How to rigorously treat integrals where both the integrand and the variable of integration are vectors and there's a dot product?

Question

First, I consider this expression to find the work done by the weight over an object close to Earth's surface: $$W_{over\ object}=\int_{\vec{y_{1}}}^{\vec{y_{2}}}\vec w \cdot d\vec y$$ $$W_{over\ object}=\int_{\vec{y_{1}}}^{\vec{y_{2}}}-mg \hat{\textbf{j}} \cdot d\vec y$$ I'm assuming both the force and displacement are in the same direction, downwards, and I develop the dot product and get the next expression: $$W_{over\ object}=\int_{y_{2}}^{y_{1}}mgdy$$ Because it's going downwards ($y_{2}<y_{1}$), I thought it was a good idea to switch the integration limits since the expression is a scalar now, so that the upper limit is the highest value for the integration variable. Then I get this: $$W_{over\ object}=mgy_{1}-mgy_{2}$$

Because of Newton's third law, I may find the work done by the object over the thing that does work over the object, which is Earth (I guess): $$W_{over\ Earth}=\int_{\vec{y_{1}}}^{\vec{y_{2}}}-\vec w \cdot d\vec y$$ $$W_{over\ Earth}=\int_{\vec{y_{1}}}^{\vec{y_{2}}}+mg \hat{\textbf{j}} \cdot d\vec y$$ Again, I assume displacement is downwards, thus $y_{2}<y_{1}$: $$W_{over\ Earth}=\int_{y_{2}}^{y_{1}}-mgdy$$ $$W_{over\ Earth}=-mgy_{1}+mgy_{2}$$ If we let $U_{1}=mgy_{1}$ and $U_{2}=mgy_{2}$, we have: $$W_{over\ object}=-W_{over\ Earth}=U_{2}-U_{1}=\Delta U$$

In order to make this scenario more general: $$F_{over\ object}dx=W_{over\ object}$$ $$-F_{over\ object}dx=-W_{over\ object}=dU$$ $$F_{over\ object}=-\frac{dU}{dx}$$ Changing notation a bit: $$F(x)=-\frac{dU(x)}{dx}$$

After all this, what I've done seems to work, but I don't think it's rigorous at all. How can I approach this kind of problem more appropriately? More specifically, how can I treat an integral where the integrand is a vectorial function (namely, a force function), and the variable of integration is a vector as well? I think the core of my problem is treating the dot product itself when integrating, in order to find the work done by a conservative force function over a displacement interval and its associated potential energy function, with a vectorial approach.
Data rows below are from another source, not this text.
lemma char_center_inflate_char_subset_iff:
  assumes N: "N \<lhd> G"
  shows "char_center G (inflate_char G N \<chi>) \<subseteq> char_center G (inflate_char G N \<psi>) \<longleftrightarrow>
    char_center (G Mod N) \<chi> \<subseteq> char_center (G Mod N) \<psi>"
proof
  assume sub: "char_center G (inflate_char G N \<chi>) \<subseteq> char_center G (inflate_char G N \<psi>)"
  show "char_center (G Mod N) \<chi> \<subseteq> char_center (G Mod N) \<psi>"
  proof
    fix C assume C: "C \<in> char_center (G Mod N) \<chi>"
    then obtain g where g: "g \<in> carrier G" and "C = N #>\<^bsub>G\<^esub> g"
      by (auto simp: char_center_def carrier_FactGroup)
    then show "C \<in> char_center (G Mod N) \<psi>"
      using C sub char_center_inflate_char[OF N g] by blast
  qed
next
  assume sub: "char_center (G Mod N) \<chi> \<subseteq> char_center (G Mod N) \<psi>"
  show "char_center G (inflate_char G N \<chi>) \<subseteq> char_center G (inflate_char G N \<psi>)"
  proof
    fix g assume g: "g \<in> char_center G (inflate_char G N \<chi>)"
    then have "g \<in> carrier G"
      by (simp add: char_center_def)
    then show "g \<in> char_center G (inflate_char G N \<psi>)"
      using g sub char_center_inflate_char[OF N] by blast
  qed
qed

lemma char_ker_FactGroup_Int_trivial:
  assumes N: "N \<lhd> G"
    and ker: "char_ker G (inflate_char G N \<chi>) \<inter> char_ker G (inflate_char G N \<psi>) \<subseteq> N"
  shows "char_ker (G Mod N) \<chi> \<inter> char_ker (G Mod N) \<psi> = {\<one>\<^bsub>G Mod N\<^esub>}"
proof (intro equalityI subsetI)
  fix C assume C: "C \<in> char_ker (G Mod N) \<chi> \<inter> char_ker (G Mod N) \<psi>"
  then obtain g where g: "g \<in> carrier G" and C_eq: "C = N #>\<^bsub>G\<^esub> g"
    by (auto simp: char_ker_def carrier_FactGroup)
  then have "g \<in> N"
    using C char_ker_inflate_char[OF N g] ker by blast
  then show "C \<in> {\<one>\<^bsub>G Mod N\<^esub>}"
    using C_eq subgroup.rcos_const[OF normal_imp_subgroup[OF N]] N by (simp add: normal_def)
next
  fix C assume "C \<in> {\<one>\<^bsub>G Mod N\<^esub>}"
  then show "C \<in> char_ker (G Mod N) \<chi> \<inter> char_ker (G Mod N) \<psi>"
    using monoid.one_closed[OF group.is_monoid[OF normal.factorgroup_is_group[OF N]]]
    by (simp add: char_ker_def)
qed

lemma finite_FactGroup: "finite (carrier G) \<Longrightarrow> finite (carrier (G Mod N))"
  by (simp add: carrier_FactGroup)

lemma FactGroup_nontrivial:
  assumes N: "N \<lhd> G" and proper: "N \<noteq> carrier G"
  shows "carrier (G Mod N) \<noteq> {\<one>\<^bsub>G Mod N\<^esub>}"
proof
  assume trivial: "carrier (G Mod N) = {\<one>\<^bsub>G Mod N\<^esub>}"
  have G: "group G" and sub: "subgroup N G"
    using N by (simp_all add: normal_def)
  obtain a where a: "a \<in> carrier G" and aN: "a \<notin> N"
    using proper subgroup.subset[OF sub] by blast
  have "N #>\<^bsub>G\<^esub> a = N"
    using trivial rcos_mem_FactGroup[OF a, of N] by simp
  with group.rcos_self[OF G a sub] aN show False
    by simp
qed

section \<open>Nested groups\<close>

lemma nested_FactGroup:
  assumes "N \<lhd> G" and "nested G"
  shows "nested (G Mod N)"
  unfolding nested_def
proof (intro ballI)
  fix \<chi> \<psi> assume "\<chi> \<in> Irr (G Mod N)" and "\<psi> \<in> Irr (G Mod N)"
  then have "inflate_char G N \<chi> \<in> Irr G" and "inflate_char G N \<psi> \<in> Irr G"
    using Irr_inflate_char[OF assms(1)] by blast+
  then show "char_center (G Mod N) \<chi> \<subseteq> char_center (G Mod N) \<psi> \<or>
      char_center (G Mod N) \<psi> \<subseteq> char_center (G Mod N) \<chi>"
    using assms(2) unfolding nested_def char_center_inflate_char_subset_iff[OF assms(1), symmetric]
    by blast
qed

lemma Kgrp_eq:
  "Kgrp H = {c \<in> carrier H. \<forall>\<chi>\<in>Irr H. group_center H \<subset> char_center H \<chi> \<longrightarrow> c \<in> char_ker H \<chi>}"
proof (cases "\<forall>x\<in>carrier H. \<forall>y\<in>carrier H. x \<otimes>\<^bsub>H\<^esub> y = y \<otimes>\<^bsub>H\<^esub> x")
  case True
  \<comment> \<open>For abelian \<open>H\<close> the set \<open>X\<^sub>H\<close> is empty, so the formula also yields \<open>K(H) = H\<close>.\<close>
  then have "group_center H = carrier H"
    by (auto simp: group_center_def)
  moreover have "char_center H \<chi> \<subseteq> carrier H" for \<chi>
    by (auto simp: char_center_def)
  ultimately show ?thesis
    using True by (auto simp: Kgrp_def)
next
  case False
  then show ?thesis
    by (auto simp: Kgrp_def)
qed
lemma additive_bounded_vanishing_bound:
  fixes g :: "real \<Rightarrow> real"
  assumes "0 < T" "T \<le> L" "g T = 0"
    and add: "\<And>x y. 0 \<le> x \<Longrightarrow> 0 \<le> y \<Longrightarrow> x + y \<le> L \<Longrightarrow> g (x + y) = g x + g y"
    and bounded: "\<And>x. 0 \<le> x \<Longrightarrow> x \<le> T \<Longrightarrow> \<bar>g x\<bar> \<le> K"
    and "0 \<le> x" "x \<le> L" "0 < m"
  shows "real m * \<bar>g x\<bar> \<le> K"
proof -
  txt \<open>Write \<open>x = k u + r\<close> with \<open>u = T / m\<close> and \<open>0 \<le> r < u\<close>; then \<open>g u = 0\<close> and \<open>g x = g r\<close>.\<close>
  define u where "u = T / m"
  have "0 < u"
    unfolding u_def using \<open>0 < T\<close> \<open>0 < m\<close> by simp
  have "real m * g u = 0"
    using additive_on_interval_of_nat_mult[of L g u m, OF add] \<open>0 < m\<close> \<open>0 < u\<close> assms(2,3)
    by (simp add: u_def)
  then have "g u = 0"
    using \<open>0 < m\<close> by simp
  define k where "k = nat \<lfloor>x / u\<rfloor>"
  have "real k = of_int \<lfloor>x / u\<rfloor>"
    unfolding k_def using \<open>0 < u\<close> \<open>0 \<le> x\<close> by simp
  then have "real k \<le> x / u" "x / u < real k + 1"
    by linarith+
  then have k: "real k * u \<le> x" "x < real k * u + u"
    using \<open>0 < u\<close> by (simp_all add: field_simps)
  define r where "r = x - real k * u"
  have r: "0 \<le> r" "r < u"
    using k unfolding r_def by auto
  then have "real m * r \<le> T"
    using \<open>0 < m\<close> unfolding u_def by (simp add: pos_less_divide_eq mult.commute)
  have "g x = real k * g u + g r"
    using add[of "real k * u" r] additive_on_interval_of_nat_mult[of L g u k, OF add] \<open>0 < u\<close> k \<open>x \<le> L\<close>
    unfolding r_def by simp
  also have "\<dots> = g r"
    using \<open>g u = 0\<close> by simp
  finally show ?thesis
    using bounded[OF _ \<open>real m * r \<le> T\<close>] additive_on_interval_of_nat_mult[of L g r m, OF add] r(1)
      \<open>real m * r \<le> T\<close> assms(2)
    by (simp add: abs_mult)
qed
In this sense, I have doubts regarding the derivation of the potential energy function for this particular case and how to obtain it by using a more mathematically rigorous approach.

Answer 1

I'm assuming both the force and displacement are in the same direction . . . .

Do not make this assumption!

Let $\hat z$ be a unit vector pointing upwards.

The work done by an external force $\vec F(z) = F(z)\, \hat z$ in moving a body from position $z_1 \hat z$ to position $z_2 \hat z$ is

$\displaystyle \int ^{z_2} _{z_1} \vec F(z)\cdot d\vec z$.

Now the next step is where a significant error is often made by trying to decide the direction of the incremental displacement $d\vec z$ relative to the force $\vec F(\vec z)$.

Do not.

Let $\vec z = dz\,\hat z$ where $dz$ is the component of the incremental displacement in the $\hat z$ direction.

Thus, the work done by external force is $\displaystyle \int ^{z_2} _{z_1} F(z)\,\hat z\cdot dz\,\hat z = \int ^{z_2} _{z_1} F(z)\,dz$.

So what about the sign of $dz$?
That is taken care of by the limits of integration.

Let the component of the external force in the $\hat z$ direction be $+m\,g$, ie $\vec F(z) = +m\,g\,\hat z$, an external force pointing upwards.

After integration the work done by the external force is $mg(z_2-z_1)$.

If $z_2>z_1$ then the work done by the external force is positive and if $z_2<z_1$ then the work done by the external force is negative.

If you want to consider the work done by the gravitational force then the only thing that changes is that now $\vec F(z) = -m\,g\,\hat z$.